Indonesia's Budget Tested Amid Iran vs US-Israel Conflict
Jakarta – The Middle East conflict between the United States, Israel, and Iran has triggered a surge in global oil prices and strained Indonesia’s state budget (APBN). The price of West Texas Intermediate (WTI) crude oil reached US$100 per barrel in early March 2026, affecting APBN deficit calculations.
“Each US$1 per barrel increase in crude oil prices adds Rp10.3 trillion to energy subsidy expenditure, but also raises government revenues by Rp3.5 trillion. This means the budget deficit increases by approximately Rp6.8 trillion per dollar of oil price rise,” said Christiantoko, Executive Director of the Next Indonesia Center, in Jakarta on Sunday 15 March 2026.

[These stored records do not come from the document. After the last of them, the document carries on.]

lemma common_denominator: "finite S \<Longrightarrow> \<exists>d::int. d > 0 \<and> (\<forall>x\<in>S. of_int d * x \<in> (\<int> :: rat set))"
proof (induct S rule: finite_induct)
  case (insert x S)
  then obtain d where d: "d > 0" "\<forall>y\<in>S. of_int d * y \<in> (\<int> :: rat set)"
    by blast
  obtain a b where "quotient_of x = (a, b)"
    by (cases "quotient_of x")
  then have b: "b > 0" and x: "x = of_int a / of_int b"
    using quotient_of_denom_pos quotient_of_div by blast+
  have "of_int (d * b) * y \<in> (\<int> :: rat set)" if "y \<in> insert x S" for y
  proof (cases "y = x")
    case True
    then show ?thesis
      using b x by simp
  next
    case False
    then have "of_int b * (of_int d * y) \<in> (\<int> :: rat set)"
      using that d(2) by simp
    then show ?thesis
      by (simp add: mult_ac)
  qed
  with d(1) b show ?case
    by (metis mult_pos_pos)
qed (rule exI[of _ 1], simp)

lemma vars_lin_subst_scaled:
  assumes "\<And>i j. i \<le> n \<Longrightarrow> j \<le> n \<Longrightarrow> A' i j = c * A i j"
  shows "vars (lin_subst n A' P) \<subseteq> vars (lin_subst n A P)"
proof -
  let ?D = "\<lambda>i j. if i = j then c else 0"
  have "(\<Sum>j\<le>n. A i j * ?D j m) = A' i m" if "i \<le> n" "m \<le> n" for i m
  proof -
    have "(\<Sum>j\<le>n. A i j * ?D j m) = (\<Sum>j\<le>n. if j = m then A i j * c else 0)"
      by (rule sum.cong) auto
    with that assms show ?thesis
      by (simp add: mult.commute)
  qed
  then have "lin_subst n A' P = lin_subst n (\<lambda>i m. \<Sum>j\<le>n. A i j * ?D j m) P"
    by (intro lin_subst_cong) simp
  also have "\<dots> = subst (lin_subst_var n ?D) (lin_subst n A P)"
    unfolding lin_subst_lin_subst[symmetric] by (rule lin_subst_eq_subst)
  finally have eq: "lin_subst n A' P = subst (lin_subst_var n ?D) (lin_subst n A P)" .
  have "vars (lin_subst_var n ?D i) \<subseteq> {i}" for i
  proof (cases "i \<le> n")
    case True
    have "(\<Sum>j\<le>n. Const (?D i j) * Var j) = (\<Sum>j\<le>n. if j = i then Const c * Var j else 0)"
      by (rule sum.cong) auto
    with True have "lin_subst_var n ?D i = Const c * Var i"
      by (simp add: lin_subst_var_def)
    then show ?thesis
      by (simp only:) (rule order_trans[OF vars_Const_mult vars_Var])
  qed (simp add: lin_subst_var_def vars_Var)
  then show ?thesis
    unfolding eq using vars_subst[of "lin_subst_var n ?D" "lin_subst n A P"] by blast
qed

lemma inverse_matrices_mod_if_scaled:
  assumes "\<And>i j. i \<le> n \<Longrightarrow> j \<le> n \<Longrightarrow> (\<Sum>k\<le>n. A i k * B k j) = c * (if i = j then 1 else 0)"
    and "[u * c = 1] (mod p)"
  shows "inverse_matrices_mod p n A (\<lambda>i j. u * B i j)"
  unfolding inverse_matrices_mod_def
proof (intro allI impI)
  fix i j assume "i \<le> n" "j \<le> n"
  have "(\<Sum>k\<le>n. A i k * (u * B k j)) = u * (\<Sum>k\<le>n. A i k * B k j)"
    by (simp add: sum_distrib_left mult_ac)
  also have "\<dots> = (u * c) * (if i = j then 1 else 0)"
    using assms(1) \<open>i \<le> n\<close> \<open>j \<le> n\<close> by simp
  finally have "(\<Sum>k\<le>n. A i k * (u * B k j)) = (u * c) * (if i = j then 1 else 0)" .
  then show "[(\<Sum>k\<le>n. A i k * (u * B k j)) = (if i = j then 1 else 0)] (mod p)"
    using cong_scalar_right[OF assms(2)] by simp
qed

lemma inverse_matrices_clear_denominators:
  fixes A B :: "nat \<Rightarrow> nat \<Rightarrow> rat"
  assumes "inverse_matrices n A B"
  obtains d :: int and A' B' where "d > 0"
    and "\<And>i j. i \<le> n \<Longrightarrow> j \<le> n \<Longrightarrow> of_int (A' i j) = of_int d * A i j"
    and "\<And>i j. i \<le> n \<Longrightarrow> j \<le> n \<Longrightarrow> (\<Sum>k\<le>n. A' i k * B' k j) = d\<^sup>2 * (if i = j then 1 else 0)"
proof -
  let ?S = "(\<lambda>(i, j). A i j) ` ({..n} \<times> {..n}) \<union> (\<lambda>(i, j). B i j) ` ({..n} \<times> {..n})"
  have "finite ?S"
    by simp
  then obtain d :: int where d: "d > 0" "\<forall>x\<in>?S. of_int d * x \<in> \<int>"
    using common_denominator by blast
  define A' where "A' i j = \<lfloor>of_int d * A i j\<rfloor>" for i j
  define B' where "B' i j = \<lfloor>of_int d * B i j\<rfloor>" for i j
  have A': "of_int (A' i j) = of_int d * A i j" and B': "of_int (B' i j) = of_int d * B i j"
    if "i \<le> n" "j \<le> n" for i j
  proof -
    have "A i j \<in> ?S" "B i j \<in> ?S"
      using that by force+
    then have "of_int d * A i j \<in> \<int>" "of_int d * B i j \<in> \<int>"
      using d(2) by blast+
    then show "of_int (A' i j) = of_int d * A i j" "of_int (B' i j) = of_int d * B i j"
      unfolding A'_def B'_def by (simp_all only: of_int_floor)
  qed
  have "(\<Sum>k\<le>n. A' i k * B' k j) = d\<^sup>2 * (if i = j then 1 else 0)" if "i \<le> n" "j \<le> n" for i j
  proof -
    have "rat_of_int (\<Sum>k\<le>n. A' i k * B' k j) = of_int d ^ 2 * (\<Sum>k\<le>n. A i k * B k j)"
      using that by (simp add: A' B' sum_distrib_left power2_eq_square mult_ac)
    also have "\<dots> = rat_of_int (d\<^sup>2 * (if i = j then 1 else 0))"
      using assms that by (simp add: inverse_matrices_def)
    finally show ?thesis
      by (simp only: of_int_eq_iff)
  qed
  with d(1) A' show ?thesis
    using that by blast
qed
lemma orthonormal_completion:
  fixes v :: "real vec"
  assumes v: "v \<in> carrier_vec n" and v0: "v \<noteq> 0\<^sub>v n"
  obtains W c where "orthonormal_mat n W" "col W 0 = c \<cdot>\<^sub>v v"
proof -
  interpret cof_vec_space n "TYPE(real)" .
  define b where "b = basis_completion v"
  from basis_completion[OF v v0, folded b_def]
  have b: "distinct b" "\<not> lin_dep (set b)" "set b \<subseteq> carrier_vec n" "hd b = v" "length b = n"
    by auto
  have n: "n \<noteq> 0" using v0 v by auto
  with b(4,5) obtain vs where bv: "b = v # vs" by (cases b) auto
  define ws where "ws = gram_schmidt n b"
  from gram_schmidt_result[OF b(3,1,2) refl, folded ws_def]
  have ws: "set ws \<subseteq> carrier_vec n" "corthogonal ws" "length ws = n"
    by (auto simp: b(5))
  have ws0: "ws ! 0 = v"
    using gram_schmidt_hd[OF v, of vs, folded bv ws_def] n ws(3) by (metis hd_conv_nth list.size(3))
  have ws_pos: "ws ! i \<bullet> ws ! i > 0" if "i < n" for i
  proof -
    have "ws ! i \<bullet> ws ! i \<noteq> 0" using corthogonalD[OF ws(2), of i i] that ws(3) by simp
    moreover have "ws ! i \<bullet> ws ! i \<ge> 0" unfolding scalar_prod_def by (intro sum_nonneg) auto
    ultimately show ?thesis by linarith
  qed
  define W where "W = mat_of_cols n (map (\<lambda>w. (1 / sqrt (w \<bullet> w)) \<cdot>\<^sub>v w) ws)"
  have W: "W \<in> carrier_mat n n" unfolding W_def using ws(3) by auto
  have colW: "col W i = (1 / sqrt (ws ! i \<bullet> ws ! i)) \<cdot>\<^sub>v ws ! i" if "i < n" for i
    unfolding W_def using that ws by (subst col_mat_of_cols) auto
  have "transpose_mat W * W = 1\<^sub>m n"
  proof (rule eq_matI)
    fix i j assume "i < dim_row (1\<^sub>m n)" "j < dim_col (1\<^sub>m n)"
    hence i: "i < n" and j: "j < n" by auto
    have wsi: "ws ! i \<in> carrier_vec n" "ws ! j \<in> carrier_vec n" using ws i j by auto
    have "(transpose_mat W * W) $$ (i, j) = col W i \<bullet> col W j"
      using W i j by simp
    also have "\<dots> = (1 / sqrt (ws ! i \<bullet> ws ! i)) * (1 / sqrt (ws ! j \<bullet> ws ! j)) * (ws ! i \<bullet> ws ! j)"
      using colW[OF i] colW[OF j] wsi by simp
    also have "\<dots> = 1\<^sub>m n $$ (i, j)"
      using ws_pos[OF i] corthogonalD[OF ws(2), of i j] i j ws(3) by (auto simp: field_simps)
    finally show "(transpose_mat W * W) $$ (i, j) = 1\<^sub>m n $$ (i, j)" .
  qed (use W in auto)
  with W have "orthonormal_mat n W" unfolding orthonormal_mat_def by simp
  moreover have "col W 0 = (1 / sqrt (v \<bullet> v)) \<cdot>\<^sub>v v" using colW[of 0] n ws0 by simp
  ultimately show thesis by (rule that)
qed

lemma symmetric_mat_deflate:
  assumes H: "H \<in> carrier_mat (Suc m) (Suc m)" "transpose_mat H = H"
    and W: "orthonormal_mat (Suc m) W"
    and eigen: "H *\<^sub>v col W 0 = e \<cdot>\<^sub>v col W 0"
  obtains H3 where "H3 \<in> carrier_mat m m" "transpose_mat H3 = H3"
    "transpose_mat W * H * W = four_block_mat (mat 1 1 (\<lambda>_. e)) (0\<^sub>m 1 m) (0\<^sub>m m 1) H3"
proof -
  note W' = orthonormal_matD[OF W]
  define A where "A = transpose_mat W * H * W"
  have A: "A \<in> carrier_mat (Suc m) (Suc m)" unfolding A_def using W'(1) H(1) by auto
  have A_sym: "A $$ (i, j) = A $$ (j, i)" if "i < Suc m" "j < Suc m" for i j
  proof -
    have "transpose_mat A = transpose_mat (transpose_mat W * (H * W))"
      unfolding A_def using H(1) W'(1) by (simp add: assoc_mult_mat[of _ "Suc m" "Suc m"])
    also have "\<dots> = transpose_mat (H * W) * W"
      using H(1) W'(1) by (subst transpose_mult[of _ "Suc m" "Suc m"]) auto
    also have "\<dots> = transpose_mat W * transpose_mat H * W"
      using H(1) W'(1) by (simp add: transpose_mult)
    finally have "transpose_mat A = transpose_mat W * transpose_mat H * W" .
    hence "transpose_mat A = A" unfolding A_def H(2) .
    from arg_cong[OF this, of "\<lambda>M. M $$ (j, i)"] show ?thesis using that A by simp
  qed
  have A_col0: "A $$ (i, 0) = (if i = 0 then e else 0)" if i: "i < Suc m" for i
  proof -
    have "A $$ (i, 0) = col W i \<bullet> (H *\<^sub>v col W 0)"
      unfolding A_def using W'(1) H(1) i
      by (simp add: assoc_mult_mat[of _ "Suc m" "Suc m" _ "Suc m" _ "Suc m"] mult_mat_vec_def)
    also have "\<dots> = e * (col W i \<bullet> col W 0)" unfolding eigen using W'(1) i by simp
    finally show ?thesis using orthonormal_mat_col_sprod[OF W i, of 0] by simp
  qed
  define H3 where "H3 = mat m m (\<lambda>(i, j). A $$ (Suc i, Suc j))"
  have "H3 \<in> carrier_mat m m" unfolding H3_def by simp
  moreover have "transpose_mat H3 = H3"
    by (rule eq_matI) (use A_sym in \<open>auto simp: H3_def\<close>)
  moreover have "A = four_block_mat (mat 1 1 (\<lambda>_. e)) (0\<^sub>m 1 m) (0\<^sub>m m 1) H3"
  proof (rule eq_matI)
    fix i j assume "i < dim_row (four_block_mat (mat 1 1 (\<lambda>_. e)) (0\<^sub>m 1 m) (0\<^sub>m m 1) H3)"
      "j < dim_col (four_block_mat (mat 1 1 (\<lambda>_. e)) (0\<^sub>m 1 m) (0\<^sub>m m 1) H3)"
    hence i: "i < Suc m" and j: "j < Suc m" by (auto simp: H3_def)
    show "A $$ (i, j) = four_block_mat (mat 1 1 (\<lambda>_. e)) (0\<^sub>m 1 m) (0\<^sub>m m 1) H3 $$ (i, j)"
      using A_col0[OF i] A_col0[OF j] A_sym[OF i j] i j
      by (cases i; cases j) (auto simp: H3_def)
  qed (use A in \<open>auto simp: H3_def\<close>)
  ultimately show thesis using that unfolding A_def by blast
qed
definition fill_table :: "objective \<Rightarrow> com" where
  "fill_table ob = count_down 5 (count_down 6 (count_down 7 (count_down 8 (fill_entry ob))))"

lemma fill_table_spec:
  assumes F: "filled ob I (table_index (dim I) (dim I) 0 0 0) m"
  shows "exec_within (fill_table ob) m (loop_steps (dim I) (loop_steps (dim I) (loop_steps (dim I) (loop_steps (dim I) 92)))) (filled ob I 0)"
proof -
  let ?Q = "\<lambda>v. filled ob I (table_index (dim I) v 0 0 0)"
  have "exec_within (count_down (int 5) (count_down 6 (count_down 7 (count_down 8 (fill_entry ob))))) m
    (loop_steps (dim I) (loop_steps (dim I) (loop_steps (dim I) (loop_steps (dim I) 92)))) (?Q 0)"
  proof (rule count_down_spec[where Q = ?Q])
    show "m' 2 = real (regs I) \<and> m' (regs I + 3) = real (dim I)" if "?Q v m'" for v m'
      using that filled_regs by blast
    show "?Q v (m'(regs I + 5 := x))" if "?Q v m'" for v m' x
      using that by (simp add: filled_upd_reg)
    show "exec_within (count_down 6 (count_down 7 (count_down 8 (fill_entry ob)))) m' (loop_steps (dim I) (loop_steps (dim I) (loop_steps (dim I) 92)))
        (\<lambda>m''. ?Q v m'' \<and> m'' (regs I + 5) = real v)"
      if "v < dim I" "?Q (Suc v) m'" "m' (regs I + 5) = real v" for v m'
      by (rule fill_j_spec[OF that(1)]) (use that in \<open>simp_all add: table_index_carry\<close>)
  qed (rule F)
  then show ?thesis unfolding fill_table_def by (simp add: table_index_def)
qed

definition regs_expr :: expr where
  "regs_expr = Add (Const 3) (Mul (Const 3) (Add (Ld (Const 0)) (Ld (Const 1))))"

A simulation by the Next Indonesia Center indicates that if the conflict continues for six months and oil prices rise by an average of 21.66% from the 2026 budget assumption of US$70 per barrel, oil prices could reach US$85.2 per barrel. Under these conditions, the APBN deficit could increase from Rp689.2 trillion to Rp740.7 trillion, or 2.88% of GDP. “This deficit remains below the 3% maximum limit set by the State Finance Law, but it requires caution if prices rise 35%,” Christiantoko added.
To safeguard budget resilience, Christiantoko recommended efficiency in government ministry and agency expenditure not directly serving the public. Goods and services spending, which has risen to Rp141.8 trillion, should become a focus for cost savings. Energy subsidy reform is also pressing, as current fuel oil and liquefied petroleum gas subsidies largely benefit high-income groups. “The potential for better-targeted subsidy reallocation reaches Rp133.5 trillion, which could strengthen the APBN,” he said.
Additionally, leveraging state investments through state-owned enterprises and investment management bodies such as Danantara can create stable additional revenue sources. Singapore’s Net Investment Returns Contribution (NIRC) model could serve as a reference for mitigating the impact of global energy price fluctuations.
Christiantoko also emphasised the importance of public confidence. “The government must demonstrate a willingness to share the burden, such as cutting official facilities, enforcing anti-corruption laws, and implementing fair policies. Strong public support will help maintain national economic stability amid global pressures,” he explained.
With strategies centred on expenditure efficiency, subsidy reform, and enhanced use of state investments, Indonesia’s budget is expected to withstand shocks from global energy prices whilst maintaining public trust in government fiscal policy.